All correlograms have one important drawback: They are fairly abstract. While they show us important patterns in the data, they also hide the underlying data points and may cause us to draw incorrect conclusions. It is always better to visualize the raw data rather than abstract, derived quantities that have been calculated from it. Fortunately, we can frequently find a middle ground between showing important patterns and showing the raw data by applying techniques of dimension reduction.

## Dimension reduction

Dimension reduction relies on the key insight that most high-dimensional datasets consist of multiple correlated variables that convey overlapping information. Such datasets can be reduced to a smaller number of key dimensions without loss of much critical information. As a simple, intuitive example, consider a dataset of multiple physical traits of people, including quantities such as each person's height and weight, the lengths of the arms and legs, the circumferences of waist, hip, and chest, etc. We can understand immediately that all these quantities will relate first and foremost to the overall size of each person. All else being equal, a larger person will be taller, weigh more, have longer arms and legs, and larger waist, hip, and chest circumferences. The next important dimension is going to be the person's sex. Male and female measurements are substantially different for persons of comparable size. For example, a woman will tend to have higher hip circumference than a man, all else being equal.

There are many techniques for dimension reduction.
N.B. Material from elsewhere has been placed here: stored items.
(* Let $n$ be a positive even integer and let $A\in\mathbb{M}_n(\mathbb{F}_3)$ be a non-derogatory matrix with $\operatorname{Trace}(A)=0$. Then there exists $M\in\mathbb{M}_n(\mathbb{F}_3)$ with $M^2=0$ such that $A+M$ is diagonalizable over $\mathbb{F}_3$.
   Context: $\mathbb{F}_3$ is the field with three elements. A square matrix is non-derogatory if its minimal polynomial equals its characteristic polynomial. A matrix $X\in\mathbb{M}_n(\mathbb{F}_3)$ is diagonalizable if there is an invertible $U\in\mathbb{M}_n(\mathbb{F}_3)$ with $U^{-1}XU$ diagonal. *)

theory Defs
  imports "Jordan_Normal_Form.Char_Poly"
begin

definition mat_trace :: "'a :: comm_ring_1 mat \<Rightarrow> 'a" where
  "mat_trace A = (\<Sum>i<dim_row A. A $$ (i, i))"

definition poly_mat_eval :: "nat \<Rightarrow> 'a :: comm_ring_1 poly \<Rightarrow> 'a mat \<Rightarrow> 'a mat" where
  "poly_mat_eval n p A = fold (\<lambda>i B. B + coeff p i \<cdot>\<^sub>m (A ^\<^sub>m i)) [0..<Suc (degree p)] (0\<^sub>m n n)"

definition is_minimal_poly :: "nat \<Rightarrow> 'a :: field mat \<Rightarrow> 'a poly \<Rightarrow> bool" where
  "is_minimal_poly n A p \<longleftrightarrow>
     monic p \<and> poly_mat_eval n p A = 0\<^sub>m n n \<and>
     (\<forall>q. q \<noteq> 0 \<and> poly_mat_eval n q A = 0\<^sub>m n n \<longrightarrow> degree p \<le> degree q)"

definition non_derogatory :: "nat \<Rightarrow> 'a :: field mat \<Rightarrow> bool" where
  "non_derogatory n A \<longleftrightarrow> is_minimal_poly n A (char_poly A)"

definition diagonalizable :: "nat \<Rightarrow> 'a :: field mat \<Rightarrow> bool" where
  "diagonalizable n X \<longleftrightarrow>
     (\<exists>U V. U \<in> carrier_mat n n \<and> V \<in> carrier_mat n n \<and>
            U * V = 1\<^sub>m n \<and> V * U = 1\<^sub>m n \<and> diagonal_mat (V * X * U))"

end

theory Submission
  imports Defs
begin

text \<open>
  Since A is non-derogatory it has a cyclic vector v. For nodes c_0, c_1, ... put
  b_i = (x - c_0) ... (x - c_(i-1)); in the basis b_0(A) v, ..., b_(n-1)(A) v the matrix A becomes
  a companion-type matrix T with the nodes on the diagonal, ones on the subdiagonal and -r_i in the
  last column, where char_poly A = b_n + sum r_i b_i. Choose c_i = eps for odd i and c_i different
  from eps for even i. Adding the square-zero matrix N supported on even rows and odd columns
  deletes the subdiagonal ones in odd columns and the last-column entries in even rows. The result
  consists of lower triangular 2 x 2 blocks with distinct eigenvalues, coupled only through the odd
  entries of the last column, and it is diagonalizable as soon as r_(n-1) is nonzero and
  c_(n-2) differs from eps - r_(n-1). The trace condition forces r_(n-1) = sum c_i, and nodes
  with sum c_i = 1 exist in every field with 1 different from -1, such as F_3. Conjugating N back
  to the original basis gives M.
\<close>

lemma sum_lessThan_eq_single:
  fixes f :: "nat \<Rightarrow> 'a :: comm_monoid_add"
  assumes "a < n" and "\<And>j. j < n \<Longrightarrow> j \<noteq> a \<Longrightarrow> f j = 0"
  shows "(\<Sum>j<n. f j) = f a"
proof -
  have "(\<Sum>j<n. f j) = (\<Sum>j\<in>{a}. f j)"
    using assms by (intro sum.mono_neutral_right) auto
  then show ?thesis
    by simp
qed
lemma isometry_transitive_on_sphere:
  assumes a: "a \<in> carrier_vec (Suc d)" and b: "b \<in> carrier_vec (Suc d)"
    and eq: "lbeta d a a = lbeta d b b" and nz: "lbeta d a a \<noteq> 0"
  obtains h where "h \<in> isometries d" "h *\<^sub>v a = b"
    "\<And>x. x \<in> carrier_vec (Suc d) \<Longrightarrow> lbeta d a x = 0 \<Longrightarrow> lbeta d b x = 0 \<Longrightarrow> h *\<^sub>v x = x"
proof (cases "lbeta d (a - b) (a - b) = 0")
  case False
  show ?thesis
  proof (rule that)
    show "reflection d (a - b) \<in> isometries d" using a b False by (simp add: reflection_isometry)
    show "reflection d (a - b) *\<^sub>v a = b" using a b eq False by (rule reflection_swaps)
    show "reflection d (a - b) *\<^sub>v x = x"
      if "x \<in> carrier_vec (Suc d)" "lbeta d a x = 0" "lbeta d b x = 0" for x
      using a b that by (simp add: reflection_fixes lbeta_diff_left)
  qed
next
  case True
  \<comment> \<open>\<open>a - b\<close> is null: pass through \<open>c = -b\<close>; the vectors \<open>a - c = a + b\<close> and \<open>c - b = -2b\<close> are not\<close>
  define c where "c = (-1) \<cdot>\<^sub>v b"
  have c: "c \<in> carrier_vec (Suc d)" using b by (simp add: c_def)
  have ab: "lbeta d a b = lbeta d a a"
    using True a b eq by (simp add: lbeta_diff_self)
  have ac: "lbeta d (a - c) (a - c) = 4 * lbeta d a a" and cb: "lbeta d (c - b) (c - b) = 4 * lbeta d a a"
    using a b c ab eq by (simp_all add: lbeta_diff_self c_def lbeta_smult_left lbeta_smult_right lbeta_sym[of d b a])
  have cc: "lbeta d c c = lbeta d b b"
    using b by (simp add: c_def lbeta_smult_left lbeta_smult_right)
  have R1: "reflection d (a - c) \<in> isometries d" and R2: "reflection d (c - b) \<in> isometries d"
    using a b c ac cb nz by (simp_all add: reflection_isometry)
  show ?thesis
  proof (rule that)
    show "reflection d (c - b) * reflection d (a - c) \<in> isometries d" using R2 R1 by (rule isometries_mult)
    have "reflection d (a - c) *\<^sub>v a = c" using a c eq cc ac nz by (intro reflection_swaps) auto
    moreover have "reflection d (c - b) *\<^sub>v c = b" using b c cc cb nz by (intro reflection_swaps) auto
    ultimately show "(reflection d (c - b) * reflection d (a - c)) *\<^sub>v a = b"
      using a isometriesD(1)[OF R1] isometriesD(1)[OF R2] by (simp add: assoc_mult_mat_vec)
    fix x assume x: "x \<in> carrier_vec (Suc d)" and "lbeta d a x = 0" "lbeta d b x = 0"
    then have "lbeta d (a - c) x = 0" "lbeta d (c - b) x = 0"
      using a b c by (simp_all add: lbeta_diff_left c_def lbeta_smult_left)
    then show "(reflection d (c - b) * reflection d (a - c)) *\<^sub>v x = x"
      using a b c x isometriesD(1)[OF R1] isometriesD(1)[OF R2]
      by (simp add: assoc_mult_mat_vec reflection_fixes)
  qed
qed

text \<open>Witt's theorem for a pair spanning a nondegenerate plane: after moving \<open>z\<close> to \<open>z'\<close>, the
  components of the two \<open>w\<close>'s orthogonal to \<open>z'\<close> have the same nonzero square.\<close>

lemma isometry_pair_transitive:
  assumes z: "z \<in> carrier_vec (Suc d)" and w: "w \<in> carrier_vec (Suc d)"
    and z': "z' \<in> carrier_vec (Suc d)" and w': "w' \<in> carrier_vec (Suc d)"
    and zz: "lbeta d z z = lbeta d z' z'" and ww: "lbeta d w w = lbeta d w' w'"
    and zw: "lbeta d z w = lbeta d z' w'"
    and nz: "lbeta d z z \<noteq> 0" and gram: "lbeta d z z * lbeta d w w \<noteq> (lbeta d z w)\<^sup>2"
  obtains h where "h \<in> isometries d" "h *\<^sub>v z = z'" "h *\<^sub>v w = w'"
proof -
  obtain h1 where h1: "h1 \<in> isometries d" and h1z: "h1 *\<^sub>v z = z'"
    using isometry_transitive_on_sphere[OF z z' zz nz] by blast
  have h1c: "h1 \<in> carrier_mat (Suc d) (Suc d)" using h1 by (rule isometriesD)
  define w1 where "w1 = h1 *\<^sub>v w"
  have w1: "w1 \<in> carrier_vec (Suc d)" using h1c w by (simp add: w1_def)
  have w1w1: "lbeta d w1 w1 = lbeta d w' w'" and z'w1: "lbeta d z' w1 = lbeta d z' w'"
    using isometriesD(2)[OF h1] z w ww zw by (simp_all add: w1_def flip: h1z)
  define k where "k = lbeta d z w / lbeta d z z"
  define v v' where "v = w1 - k \<cdot>\<^sub>v z'" and "v' = w' - k \<cdot>\<^sub>v z'"
  have v: "v \<in> carrier_vec (Suc d)" and v': "v' \<in> carrier_vec (Suc d)"
    using w1 w' z' by (simp_all add: v_def v'_def)
  have expand: "lbeta d (x - k \<cdot>\<^sub>v z') (x - k \<cdot>\<^sub>v z')
      = lbeta d x x - 2 * k * lbeta d z' x + k * k * lbeta d z' z'"
    "lbeta d (x - k \<cdot>\<^sub>v z') z' = lbeta d z' x - k * lbeta d z' z'"
    if "x \<in> carrier_vec (Suc d)" for x
    using that z' by (simp_all add: lbeta_diff_left lbeta_diff_right lbeta_smult_left lbeta_smult_right
        lbeta_sym[of d x z'] algebra_simps)
  have vv: "lbeta d v v = lbeta d v' v'" and vz': "lbeta d v z' = 0" "lbeta d v' z' = 0"
    using expand[OF w1] expand[OF w'] w1w1 z'w1 zz zw nz by (simp_all add: v_def v'_def k_def)
  have "lbeta d v v = lbeta d w w - (lbeta d z w)\<^sup>2 / lbeta d z z"
    using expand(1)[OF w1] w1w1 z'w1 ww zz zw nz by (simp add: v_def k_def power2_eq_square field_simps)
  then have "lbeta d v v \<noteq> 0"
    using gram nz by (auto simp: field_simps)
  then obtain h2 where h2: "h2 \<in> isometries d" and h2v: "h2 *\<^sub>v v = v'"
    and h2z': "h2 *\<^sub>v z' = z'"
    using isometry_transitive_on_sphere[OF v v' vv] z' vz' by (metis lbeta_sym)
  have h2c: "h2 \<in> carrier_mat (Suc d) (Suc d)" using h2 by (rule isometriesD)
  have "w1 = v + k \<cdot>\<^sub>v z'" and "w' = v' + k \<cdot>\<^sub>v z'"
    using w1 w' z' by (auto simp: v_def v'_def intro!: eq_vecI)
  then have "h2 *\<^sub>v w1 = w'"
    using h2c v z' h2v h2z' by (simp add: mult_add_distrib_mat_vec mult_mat_vec)
  then show ?thesis
    using that[of "h2 * h1"] isometries_mult[OF h2 h1] h1c h2c z w h1z h2z'
    by (simp add: assoc_mult_mat_vec w1_def)
qed

lemma lbeta_timelike_spatial_bound:
  fixes x y :: "real vec"
  assumes "lbeta d x x > 0" "lbeta d y y > 0"
  shows "(\<Sum>i\<in>{1..d}. x $ i * y $ i)\<^sup>2 < (x $ 0 * y $ 0)\<^sup>2"
proof -
  define X Y where "X = (\<Sum>i\<in>{1..d}. (x $ i)\<^sup>2)" and "Y = (\<Sum>i\<in>{1..d}. (y $ i)\<^sup>2)"
  have "X < (x $ 0)\<^sup>2" "Y < (y $ 0)\<^sup>2"
    using assms by (simp_all add: lbeta_def X_def Y_def power2_eq_square)
  moreover have "0 \<le> X" "0 \<le> Y" by (simp_all add: X_def Y_def sum_nonneg)
  ultimately have "X * Y < (x $ 0)\<^sup>2 * (y $ 0)\<^sup>2" by (intro mult_strict_mono') auto
  moreover have "(\<Sum>i\<in>{1..d}. x $ i * y $ i)\<^sup>2 \<le> X * Y"
    unfolding X_def Y_def by (rule Cauchy_Schwarz_ineq_sum)
  ultimately show ?thesis by (simp add: power_mult_distrib)
qed

lemma lbeta_orthogonal_timelike_nonpos:
  fixes x y :: "real vec"
  assumes "lbeta d x y = 0" "lbeta d y y > 0"
  shows "lbeta d x x \<le> 0"
  using lbeta_timelike_spatial_bound[of d x y] assms by (force simp: lbeta_def)

lemma Vplus_lbeta_pos:
  assumes x: "x \<in> Vplus d" and y: "y \<in> Vplus d"
  shows "lbeta d x y > 0"
proof -
  have "0 < x $ 0 * y $ 0" using x y by (simp add: Vplus_def)
  moreover have "(\<Sum>i\<in>{1..d}. x $ i * y $ i)\<^sup>2 < (x $ 0 * y $ 0)\<^sup>2"
    using x y by (intro lbeta_timelike_spatial_bound) (simp_all add: Vplus_def)
  ultimately show ?thesis by (auto simp: lbeta_def dest: power2_less_imp_less)
qed

lemma Vplus_add:
  assumes x: "x \<in> Vplus d" and y: "y \<in> Vplus d"
  shows "x + y \<in> Vplus d"
proof -
  have xc: "x \<in> carrier_vec (Suc d)" and yc: "y \<in> carrier_vec (Suc d)"
    using x y by (simp_all add: Vplus_def)
  have "lbeta d (x + y) (x + y) = lbeta d x x + 2 * lbeta d x y + lbeta d y y"
    using xc yc by (simp add: lbeta_add_left lbeta_add_right lbeta_sym[of d y x])
  then have "lbeta d (x + y) (x + y) > 0"
    using Vplus_lbeta_pos[OF x y] x y by (simp add: Vplus_def)
  then show ?thesis using x y xc yc by (simp add: Vplus_def)
qed

lemma dim_cconj_vec [simp]: "dim_vec (cconj_vec x) = dim_vec x"
  by (simp add: cconj_vec_def)

lemma cconj_vec_carrier [simp]: "cconj_vec x \<in> carrier_vec n \<longleftrightarrow> x \<in> carrier_vec n"
  by (simp add: cconj_vec_def)

lemma cconj_vec_index [simp]: "i < dim_vec x \<Longrightarrow> cconj_vec x $ i = cnj (x $ i)"
  by (simp add: cconj_vec_def)

lemma cconj_vec_cconj_vec [simp]: "cconj_vec (cconj_vec x) = x"
  by (simp add: cconj_vec_def eq_vecI)

lemma lbeta_cconj_vec:
  assumes "x \<in> carrier_vec (Suc d)" "y \<in> carrier_vec (Suc d)"
  shows "lbeta d (cconj_vec x) (cconj_vec y) = cnj (lbeta d x y)"
  using assms by (simp add: lbeta_def)

lemma cconj_vec_dS_C: "z \<in> dS_C d \<Longrightarrow> cconj_vec z \<in> dS_C d"
  by (simp add: dS_C_def lbeta_cconj_vec)

lemma cconj_mat_mult_vec:
  assumes g: "g \<in> carrier_mat (Suc d) (Suc d)" and w: "w \<in> carrier_vec (Suc d)"
  shows "cconj_mat g *\<^sub>v w = cconj_vec (g *\<^sub>v cconj_vec w)"
  using assms by (intro eq_vecI) (auto simp: cconj_mat_def cconj_vec_def scalar_prod_def)

lemma lbeta_Re_Im:
  assumes "z \<in> carrier_vec (Suc d)"
  shows "Re (lbeta d z z) = lbeta d (map_vec Re z) (map_vec Re z) - lbeta d (map_vec Im z) (map_vec Im z)"
    and "Im (lbeta d z z) = 2 * lbeta d (map_vec Re z) (map_vec Im z)"
  using assms by (simp_all add: lbeta_def algebra_simps sum_subtractf sum_distrib_left)

text \<open>If \<open>\<beta>(z, conj w) = r\<close> were real, \<open>\<zeta> = z - conj w\<close> would have real square \<open>-2 - 2r\<close> and timelike
  imaginary part \<open>Im z + Im w\<close>; its real part is orthogonal to a timelike vector, hence not timelike,
  which forces \<open>\<beta>(\<zeta>, \<zeta>) < 0\<close>, i.e. \<open>r > -1\<close>.\<close>

lemma Xi_plus_lbeta_cconj_notin:
  assumes z: "z \<in> Xi_plus d" and w: "w \<in> Xi_plus d"
  shows "lbeta d z (cconj_vec w) \<notin> complex_of_real ` {.. -1}"
proof
  assume "lbeta d z (cconj_vec w) \<in> complex_of_real ` {.. -1}"
  then obtain r where r: "r \<le> -1" and zw: "lbeta d z (cconj_vec w) = complex_of_real r" by auto
  have zc: "z \<in> carrier_vec (Suc d)" and wc: "w \<in> carrier_vec (Suc d)"
    and zz: "lbeta d z z = -1" and ww: "lbeta d (cconj_vec w) (cconj_vec w) = -1"
    using z w by (simp_all add: Xi_plus_def dS_C_def lbeta_cconj_vec)
  define \<zeta> where "\<zeta> = z - cconj_vec w"
  have \<zeta>c: "\<zeta> \<in> carrier_vec (Suc d)" using zc wc by (simp add: \<zeta>_def)
  have \<zeta>\<zeta>: "lbeta d \<zeta> \<zeta> = complex_of_real (-2 - 2 * r)"
    using zc wc zz ww zw by (simp add: \<zeta>_def lbeta_diff_self)
  have "map_vec Im \<zeta> = map_vec Im z + map_vec Im w"
    using zc wc by (intro eq_vecI) (simp_all add: \<zeta>_def)
  then have timelike: "lbeta d (map_vec Im \<zeta>) (map_vec Im \<zeta>) > 0"
    using Vplus_add z w by (simp add: Xi_plus_def Vplus_def)
  have "lbeta d (map_vec Re \<zeta>) (map_vec Im \<zeta>) = 0"
    using lbeta_Re_Im(2)[OF \<zeta>c] \<zeta>\<zeta> by simp
  then have "lbeta d (map_vec Re \<zeta>) (map_vec Re \<zeta>) \<le> 0"
    using timelike by (rule lbeta_orthogonal_timelike_nonpos)
  then show False
    using lbeta_Re_Im(1)[OF \<zeta>c] \<zeta>\<zeta> timelike r by simp
qed
lemma feedback_measurable:
  assumes i: "i < N" and s: "s < T" and X: "(\<lambda>\<omega>. iterate i \<omega> s) \<in> borel_measurable seeds"
  shows "(\<lambda>\<omega>. feedback i \<omega> s) \<in> borel_measurable seeds"
proof -
  have "(\<lambda>\<omega>. (iterate i \<omega> s, snd \<omega> (s, i))) \<in> measurable seeds (borel \<Otimes>\<^sub>M W)"
    by (rule measurable_Pair[OF X measurable_oracle_seed[OF s i]])
  moreover have "(\<lambda>(x, w). orc s x w) \<in> borel_measurable (borel \<Otimes>\<^sub>M W)"
    using orc_meas s by blast
  ultimately show ?thesis
    using measurable_compose by (fastforce simp: feedback_def)
qed

lemma olo_point_measurable:
  assumes i: "i < N" and t: "t < T"
    and X: "\<And>s. s < T \<Longrightarrow> (\<lambda>\<omega>. iterate i \<omega> s) \<in> borel_measurable seeds"
  shows "(\<lambda>\<omega>. olo_point i \<omega> t) \<in> borel_measurable seeds"
proof -
  \<comment> \<open>By causality, only the finitely many measurable feedback vectors before round t matter.\<close>
  define past where "past \<omega> s = (if s < t then feedback i \<omega> s else 0)" for \<omega> s
  have "olo_point i \<omega> t = A i (fst \<omega> i) (past \<omega>) t" for \<omega>
    unfolding olo_point_def by (rule A_causal[rule_format, OF i]) (simp add: past_def)
  moreover have "past \<in> measurable seeds (PiM UNIV (\<lambda>_::nat. (borel :: 'a measure)))"
    unfolding past_def
  proof (rule measurable_PiM_single')
    fix s :: nat
    show "(\<lambda>\<omega>. if s < t then feedback i \<omega> s else 0) \<in> borel_measurable seeds"
      using feedback_measurable[OF i _ X, of s] t by (cases "s < t") auto
  qed (simp add: space_PiM)
  ultimately show ?thesis
    using measurable_compose[OF measurable_Pair[OF measurable_olo_seed[OF i]] A_meas[rule_format, OF i]]
    by simp
qed

lemma iterate_measurable: "i \<le> N \<Longrightarrow> t < T \<Longrightarrow> (\<lambda>\<omega>. iterate i \<omega> t) \<in> borel_measurable seeds"
proof (induction i arbitrary: t)
  case (Suc i)
  then have "(\<lambda>\<omega>. iterate i \<omega> t) \<in> borel_measurable seeds"
    and "(\<lambda>\<omega>. olo_point i \<omega> t) \<in> borel_measurable seeds"
    by (auto intro: olo_point_measurable)
  then show ?case
    unfolding iterate_Suc by (intro borel_measurable_add borel_measurable_scaleR borel_measurable_const)
qed simp

lemma continuous_on_loss: "t < T \<Longrightarrow> continuous_on K (loss t)"
  using loss_grad by (intro has_derivative_continuous_on) blast

lemma continuous_on_grad: "t < T \<Longrightarrow> continuous_on K (grad t)"
  using smooth beta_nonneg
  by (intro lipschitz_on_continuous_on[of \<beta>] lipschitz_onI) (auto simp: dist_norm)

lemma bounded_on_K:
  fixes f :: "'a \<Rightarrow> 'b::real_normed_vector"
  assumes "continuous_on K f"
  obtains B where "\<And>x. x \<in> K \<Longrightarrow> norm (f x) \<le> B"
  using compact_imp_bounded[OF compact_continuous_image[OF assms K_compact]]
  by (auto simp: bounded_iff)

lemma bounded_measurable_excess: "i \<le> N \<Longrightarrow> bounded_measurable seeds (excess i)"
  unfolding excess_def[abs_def]
proof (rule bounded_measurable_sum)
  fix t assume i: "i \<le> N" and "t \<in> {..<T}"
  then have t: "t < T" by simp
  obtain B where B: "\<And>x. x \<in> K \<Longrightarrow> norm (loss t x) \<le> B"
    using bounded_on_K[OF continuous_on_loss[OF t]] by blast
  show "bounded_measurable seeds (\<lambda>\<omega>. loss t (iterate i \<omega> t) - loss t xstar)"
  proof (rule bounded_measurableI[where B="B + B"])
    show "(\<lambda>\<omega>. loss t (iterate i \<omega> t) - loss t xstar) \<in> borel_measurable seeds"
      by (intro borel_measurable_diff borel_measurable_const borel_measurable_continuous_on_compose[OF
            continuous_on_loss[OF t] iterate_measurable[OF i t]] iterate_in_K[OF _ i])
    fix \<omega> assume "\<omega> \<in> space seeds"
    then show "\<bar>loss t (iterate i \<omega> t) - loss t xstar\<bar> \<le> B + B"
      using B[of "iterate i \<omega> t"] B[OF xstar_K] iterate_in_K[OF _ i] by fastforce
  qed
qed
I will discuss only one technique here, the most widely used one, called *principal components analysis* (PCA). PCA introduces a new set of variables (called principal components, PCs) by linear combination of the original variables in the data, standardized to zero mean and unit variance (see Figure \@ref(fig:blue-jays-PCA) for a toy example in two dimensions). The PCs are chosen such that they are uncorrelated, and they are ordered such that the first component captures the largest possible amount of variation in the data, and subsequent components capture increasingly less. Usually, key features in the data can be seen from only the first two or three PCs.

(ref:blue-jays-PCA) Example principal components (PC) analysis in two dimensions. (a) The original data. As example data, I am using the head-length and skull-size measurements from the blue jays dataset. Female and male birds are distinguished by color, but this distinction has no effect on the PC analysis. (b) As the first step in PCA, we scale the original data values to zero mean and unit variance. We then we define new variables (the principal components, PCs) along the directions of maximum variation in the data. (c) Finally, we project the data into the new coordinates. Mathematically, this projection is equivalent to a rotation of the data points around the origin. In the 2D example shown here, the data points are rotated clockwise by 45 degrees.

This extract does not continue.